Le Corbusier (Charles Édouard Jeanneret)

French, born Switzerland

1887, La Chaux-de-Fonds, Switzerland
1965, Roquebrune, France


A fervent believer in the promise of industrialization to transform modern life, Le Corbusier believed that architecture alone could change the world. Decades after his death, his name is still equated with the fervent idealism of the modern movement.

As a child growing up in a Swiss watch-making town, Le Corbusier gained firsthand knowledge of the tenuous relationship between craft and mass production. It was the workings of the latter, however, that informed the efficiency of his designs for several private villas in France and Switzerland, including Villa Savoye, a commission that Le Corbusier famously nicknamed "a machine for living."

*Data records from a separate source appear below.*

lemma abel_weighted_sum_le:
  fixes u :: "nat \<Rightarrow> real"
  assumes "\<And>n. \<bar>u n\<bar> \<le> B" "\<And>n. n \<ge> N \<Longrightarrow> \<bar>u n\<bar> \<le> e" "0 \<le> x" "x < 1"
  shows "(1 - x) * \<bar>\<Sum>n. u n * x ^ n\<bar> \<le> e + (1 - x) * (\<Sum>n<N. \<bar>u n\<bar>)"
proof -
  have "0 \<le> e" using assms(2)[of N] by simp
  define g where "g n = e * x ^ n + (if n < N then \<bar>u n\<bar> else 0)" for n
  have "(\<lambda>n. x ^ n) sums (1 / (1 - x))" using assms(3,4) by (intro geometric_sums) simp
  then have g_sums: "g sums (e * (1 / (1 - x)) + (\<Sum>n<N. \<bar>u n\<bar>))"
    unfolding g_def by (intro sums_add sums_mult sums_If_finite_set[where A="{..<N}", simplified])
  have le_g: "\<bar>u n * x ^ n\<bar> \<le> g n" for n
  proof (cases "n < N")
    case True
    have "\<bar>u n\<bar> * x ^ n \<le> \<bar>u n\<bar>" using assms(3,4) by (simp add: mult_left_le power_le_one)
    moreover have "0 \<le> e * x ^ n" using \<open>0 \<le> e\<close> assms(3) by simp
    ultimately show ?thesis using True assms(3) by (simp add: g_def abs_mult)
  next
    case False
    then show ?thesis
      using assms(2)[of n] assms(3) by (simp add: g_def abs_mult mult_right_mono)
  qed
  have abs_summable: "summable (\<lambda>n. \<bar>u n * x ^ n\<bar>)"
    by (rule summable_comparison_test[OF _ sums_summable[OF g_sums]]) (use le_g in auto)
  have "\<bar>\<Sum>n. u n * x ^ n\<bar> \<le> (\<Sum>n. \<bar>u n * x ^ n\<bar>)" by (rule summable_rabs[OF abs_summable])
  also have "\<dots> \<le> e * (1 / (1 - x)) + (\<Sum>n<N. \<bar>u n\<bar>)"
    using suminf_le[OF le_g abs_summable sums_summable[OF g_sums]] sums_unique[OF g_sums] by simp
  finally show ?thesis using assms(4) by (simp add: field_simps mult_left_mono)
qed
lemma bounded_below_persists_near_0:
  fixes K :: "real \<times> 'a::metric_space \<Rightarrow> real^'n^'n"
  assumes "compact S" "continuous_on ({0..1} \<times> S) K" "c > 0"
    and "\<And>s x. s \<in> S \<Longrightarrow> c * norm x \<le> norm (K (0, s) *v x)"
  obtains \<delta> where "\<delta> > 0"
    "\<And>t s x. t \<in> {0..1} \<Longrightarrow> t < \<delta> \<Longrightarrow> s \<in> S \<Longrightarrow> c / 2 * norm x \<le> norm (K (t, s) *v x)"
proof -
  define N where "N = real CARD('n) * real CARD('n)"
  have N: "N > 0" by (simp add: N_def)
  then have e: "c / (2 * N) > 0" using assms(3) by simp
  have "uniformly_continuous_on ({0..1} \<times> S) K"
    by (intro compact_uniformly_continuous assms(2) compact_Times compact_Icc assms(1))
  from this[unfolded uniformly_continuous_on_def, rule_format, OF e]
  obtain \<delta> where \<delta>: "\<delta> > 0"
      "\<forall>z\<in>{0..1} \<times> S. \<forall>z'\<in>{0..1} \<times> S. dist z' z < \<delta> \<longrightarrow> dist (K z') (K z) < c / (2 * N)"
    by blast
  show ?thesis
  proof (rule that[OF \<delta>(1)])
    fix t s and x :: "real^'n"
    assume t: "t \<in> {0..1}" "t < \<delta>" and s: "s \<in> S"
    have "dist (t, s) (0, s) < \<delta>"
      using t by (simp add: dist_Pair_Pair dist_real_def)
    then have "dist (K (t, s)) (K (0, s)) < c / (2 * N)"
      using \<delta>(2) t(1) s by auto
    then have "N * norm (K (t, s) - K (0, s)) \<le> c / 2"
      using N by (simp add: dist_norm field_simps)
    then have "N * norm (K (t, s) - K (0, s)) * norm x \<le> c / 2 * norm x"
      by (rule mult_right_mono) simp
    moreover have "norm (K (t, s) *v x - K (0, s) *v x) \<le> N * norm (K (t, s) - K (0, s)) * norm x"
      using norm_matrix_vector_mult_le[of "K (t, s) - K (0, s)" x]
      by (simp only: N_def matrix_vector_mult_diff_rdistrib)
    moreover have "norm (K (0, s) *v x) - norm (K (t, s) *v x) \<le> norm (K (t, s) *v x - K (0, s) *v x)"
      using norm_triangle_ineq2[of "K (0, s) *v x" "K (t, s) *v x"] norm_minus_commute by metis
    moreover have "c * norm x \<le> norm (K (0, s) *v x)"
      using assms(4)[OF s] .
    ultimately show "c / 2 * norm x \<le> norm (K (t, s) *v x)"
      by linarith
  qed
qed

Later in his career, Le Corbusier applied his principals of universal design to urban planning. In 1922, he drew up a hypothetical plan for Ville Contemporaine, a contemporary city for three million inhabitants. It was also in this time period that Le Corbusier published Vers une architecture (Toward a New Architecture), a manifesto declaring the importance of industrial forces in shaping the built environment.

His work in the 1940s and 1950s included the United Nations Headquarters in New York City; the chapel of Notre Dame du Haut in Ronchamp, France; and a master plan and several institutional buildings for Chandigarh, India. Harvard University's Carpenter Center for the Visual Arts, completed in 1961, was Le Corbusier's last project before his death in 1965.